lemma Ck_on_bilinear:
  assumes "bounded_bilinear mul" "open U" "Ck_on k U f" "Ck_on k U g"
  shows "Ck_on k U (\<lambda>x. mul (f x) (g x))"
  using assms(3,4)
proof (induction k arbitrary: f g)
  case 0
  then show ?case by (simp add: bounded_bilinear.continuous_on[OF assms(1)])
next
  case (Suc k)
  show ?case
  proof (rule Ck_on_SucI[OF \<open>open U\<close>])
    show "((\<lambda>x. mul (f x) (g x)) has_derivative
        (\<lambda>v. mul (f x) (frechet_derivative g (at x) v) + mul (frechet_derivative f (at x) v) (g x))) (at x)"
      if "x \<in> U" for x
      using Suc.prems
      by (intro bounded_bilinear.FDERIV[OF assms(1)] Ck_on_Suc_has_derivative[OF \<open>open U\<close> _ that])
    show "Ck_on k U (\<lambda>x. mul (f x) (frechet_derivative g (at x) v) + mul (frechet_derivative f (at x) v) (g x))"
      for v
      using Suc by (simp add: Ck_on_add[OF \<open>open U\<close>] Ck_on_Suc_imp_Ck_on)
  qed
qed

lemma Ck_on_scaleR: "open U \<Longrightarrow> Ck_on k U f \<Longrightarrow> Ck_on k U g \<Longrightarrow> Ck_on k U (\<lambda>x. f x *\<^sub>R g x)"
  by (rule Ck_on_bilinear[OF bounded_bilinear_scaleR])

lemma Ck_on_mult:
  "open U \<Longrightarrow> Ck_on k U f \<Longrightarrow> Ck_on k U g \<Longrightarrow> Ck_on k U (\<lambda>x. f x * g x :: real)"
  by (rule Ck_on_bilinear[OF bounded_bilinear_mult])

lemma Ck_on_inner: "open U \<Longrightarrow> Ck_on k U f \<Longrightarrow> Ck_on k U g \<Longrightarrow> Ck_on k U (\<lambda>x. f x \<bullet> g x)"
  by (rule Ck_on_bilinear[OF bounded_bilinear_inner])

lemma Ck_on_minus: "open U \<Longrightarrow> Ck_on k U f \<Longrightarrow> Ck_on k U (\<lambda>x. - f x)"
  using Ck_on_scaleR[of U k "\<lambda>x. -1" f] Ck_on_const[of U k "-1"] by simp

lemma Ck_on_diff: "open U \<Longrightarrow> Ck_on k U f \<Longrightarrow> Ck_on k U g \<Longrightarrow> Ck_on k U (\<lambda>x. f x - g x)"
  using Ck_on_add[OF _ _ Ck_on_minus, of U k f g] by simp

lemma Ck_on_inverse:
  assumes "open U" "Ck_on k U h" "\<And>x. x \<in> U \<Longrightarrow> h x \<noteq> (0::real)"
  shows "Ck_on k U (\<lambda>x. inverse (h x))"
  using assms(2,3)
proof (induction k arbitrary: h)
  case 0
  then show ?case by (simp add: continuous_on_inverse)
next
  case (Suc k)
  have IH: "Ck_on k U (\<lambda>x. inverse (h x))"
    using Suc Ck_on_Suc_imp_Ck_on by metis
  show ?case
  proof (rule Ck_on_SucI[OF \<open>open U\<close>])
    show "((\<lambda>x. inverse (h x)) has_derivative
        (\<lambda>v. - (inverse (h x) * frechet_derivative h (at x) v * inverse (h x)))) (at x)"
      if "x \<in> U" for x
      using Deriv.has_derivative_inverse[OF Suc.prems(2)[OF that] Ck_on_Suc_has_derivative[OF \<open>open U\<close> Suc.prems(1) that]] .
    show "Ck_on k U (\<lambda>x. - (inverse (h x) * frechet_derivative h (at x) v * inverse (h x)))" for v
      using Suc.prems(1) by (intro Ck_on_minus Ck_on_mult IH \<open>open U\<close>) simp
  qed
qed

lemma Ck_on_sqrt:
  assumes "open U" "Ck_on k U h" "\<And>x. x \<in> U \<Longrightarrow> h x > 0"
  shows "Ck_on k U (\<lambda>x. sqrt (h x))"
  using assms(2,3)
proof (induction k arbitrary: h)
  case 0
  then show ?case by (simp add: continuous_on_real_sqrt)
next
  case (Suc k)
  have IH: "Ck_on k U (\<lambda>x. sqrt (h x))"
    using Suc Ck_on_Suc_imp_Ck_on by metis
  show ?case
  proof (rule Ck_on_SucI[OF \<open>open U\<close>])
    show "((\<lambda>x. sqrt (h x)) has_derivative
        (\<lambda>v. frechet_derivative h (at x) v * (inverse (sqrt (h x)) / 2))) (at x)"
      if "x \<in> U" for x
      using Suc.prems that
      by (intro has_derivative_real_sqrt Ck_on_Suc_has_derivative[OF \<open>open U\<close>]) auto
    have "Ck_on k U (\<lambda>x. inverse (sqrt (h x)) * (1 / 2))"
      using Suc.prems(2) by (intro Ck_on_mult Ck_on_inverse IH Ck_on_const \<open>open U\<close>) force
    then have "Ck_on k U (\<lambda>x. inverse (sqrt (h x)) / 2)"
      by simp
    then show "Ck_on k U (\<lambda>x. frechet_derivative h (at x) v * (inverse (sqrt (h x)) / 2))" for v
      by (rule Ck_on_mult[OF \<open>open U\<close>, rotated]) (use Suc.prems(1) in simp)
  qed
qed

lemma smooth_on_Ck_on: "smooth_on U f \<Longrightarrow> Ck_on k U f"
  by (simp add: smooth_on_def)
● ● ● ●
#### WORK INSTRUCTIONS:
Reproduce the material above without altering a single character.

#### REPLY TO THE TASK:
lemma Ck_on_bilinear:
  assumes "bounded_bilinear mul" "open U" "Ck_on k U f" "Ck_on k U g"
  shows "Ck_on k U (\<lambda>x. mul (f x) (g x))"
  using assms(3,4)
proof (induction k arbitrary: f g)
  case 0
  then show ?case by (simp add: bounded_bilinear.continuous_on[OF assms(1)])
next
  case (Suc k)
  show ?case
  proof (rule Ck_on_SucI[OF \<open>open U\<close>])
    show "((\<lambda>x. mul (f x) (g x)) has_derivative
        (\<lambda>v. mul (f x) (frechet_derivative g (at x) v) + mul (frechet_derivative f (at x) v) (g x))) (at x)"
      if "x \<in> U" for x
      using Suc.prems
      by (intro bounded_bilinear.FDERIV[OF assms(1)] Ck_on_Suc_has_derivative[OF \<open>open U\<close> _ that])
    show "Ck_on k U (\<lambda>x. mul (f x) (frechet_derivative g (at x) v) + mul (frechet_derivative f (at x) v) (g x))"
      for v
      using Suc by (simp add: Ck_on_add[OF \<open>open U\<close>] Ck_on_Suc_imp_Ck_on)
  qed
qed

lemma Ck_on_scaleR: "open U \<Longrightarrow> Ck_on k U f \<Longrightarrow> Ck_on k U g \<Longrightarrow> Ck_on k U (\<lambda>x. f x *\<^sub>R g x)"
  by (rule Ck_on_bilinear[OF bounded_bilinear_scaleR])

lemma Ck_on_mult:
  "open U \<Longrightarrow> Ck_on k U f \<Longrightarrow> Ck_on k U g \<Longrightarrow> Ck_on k U (\<lambda>x. f x * g x :: real)"
  by (rule Ck_on_bilinear[OF bounded_bilinear_mult])

lemma Ck_on_inner: "open U \<Longrightarrow> Ck_on k U f \<Longrightarrow> Ck_on k U g \<Longrightarrow> Ck_on k U (\<lambda>x. f x \<bullet> g x)"
  by (rule Ck_on_bilinear[OF bounded_bilinear_inner])

lemma Ck_on_minus: "open U \<Longrightarrow> Ck_on k U f \<Longrightarrow> Ck_on k U (\<lambda>x. - f x)"
  using Ck_on_scaleR[of U k "\<lambda>x. -1" f] Ck_on_const[of U k "-1"] by simp

lemma Ck_on_diff: "open U \<Longrightarrow> Ck_on k U f \<Longrightarrow> Ck_on k U g \<Longrightarrow> Ck_on k U (\<lambda>x. f x - g x)"
  using Ck_on_add[OF _ _ Ck_on_minus, of U k f g] by simp

lemma Ck_on_inverse:
  assumes "open U" "Ck_on k U h" "\<And>x. x \<in> U \<Longrightarrow> h x \<noteq> (0::real)"
  shows "Ck_on k U (\<lambda>x. inverse (h x))"
  using assms(2,3)
proof (induction k arbitrary: h)
  case 0
  then show ?case by (simp add: continuous_on_inverse)
next
  case (Suc k)
  have IH: "Ck_on k U (\<lambda>x. inverse (h x))"
    using Suc Ck_on_Suc_imp_Ck_on by metis
  show ?case
  proof (rule Ck_on_SucI[OF \<open>open U\<close>])
    show "((\<lambda>x. inverse (h x)) has_derivative
        (\<lambda>v. - (inverse (h x) * frechet_derivative h (at x) v * inverse (h x)))) (at x)"
      if "x \<in> U" for x
      using Deriv.has_derivative_inverse[OF Suc.prems(2)[OF that] Ck_on_Suc_has_derivative[OF \<open>open U\<close> Suc.prems(1) that]] .
    show "Ck_on k U (\<lambda>x. - (inverse (h x) * frechet_derivative h (at x) v * inverse (h x)))" for v
      using Suc.prems(1) by (intro Ck_on_minus Ck_on_mult IH \<open>open U\<close>) simp
  qed
qed

lemma Ck_on_sqrt:
  assumes "open U" "Ck_on k U h" "\<And>x. x \<in> U \<Longrightarrow> h x > 0"
  shows "Ck_on k U (\<lambda>x. sqrt (h x))"
  using assms(2,3)
proof (induction k arbitrary: h)
  case 0
  then show ?case by (simp add: continuous_on_real_sqrt)
next
  case (Suc k)
  have IH: "Ck_on k U (\<lambda>x. sqrt (h x))"
    using Suc Ck_on_Suc_imp_Ck_on by metis
  show ?case
  proof (rule Ck_on_SucI[OF \<open>open U\<close>])
    show "((\<lambda>x. sqrt (h x)) has_derivative
        (\<lambda>v. frechet_derivative h (at x) v * (inverse (sqrt (h x)) / 2))) (at x)"
      if "x \<in> U" for x
      using Suc.prems that
      by (intro has_derivative_real_sqrt Ck_on_Suc_has_derivative[OF \<open>open U\<close>]) auto
    have "Ck_on k U (\<lambda>x. inverse (sqrt (h x)) * (1 / 2))"
      using Suc.prems(2) by (intro Ck_on_mult Ck_on_inverse IH Ck_on_const \<open>open U\<close>) force
    then have "Ck_on k U (\<lambda>x. inverse (sqrt (h x)) / 2)"
      by simp
    then show "Ck_on k U (\<lambda>x. frechet_derivative h (at x) v * (inverse (sqrt (h x)) / 2))" for v
      by (rule Ck_on_mult[OF \<open>open U\<close>, rotated]) (use Suc.prems(1) in simp)
  qed
qed

lemma smooth_on_Ck_on: "smooth_on U f \<Longrightarrow> Ck_on k U f"
  by (simp add: smooth_on_def)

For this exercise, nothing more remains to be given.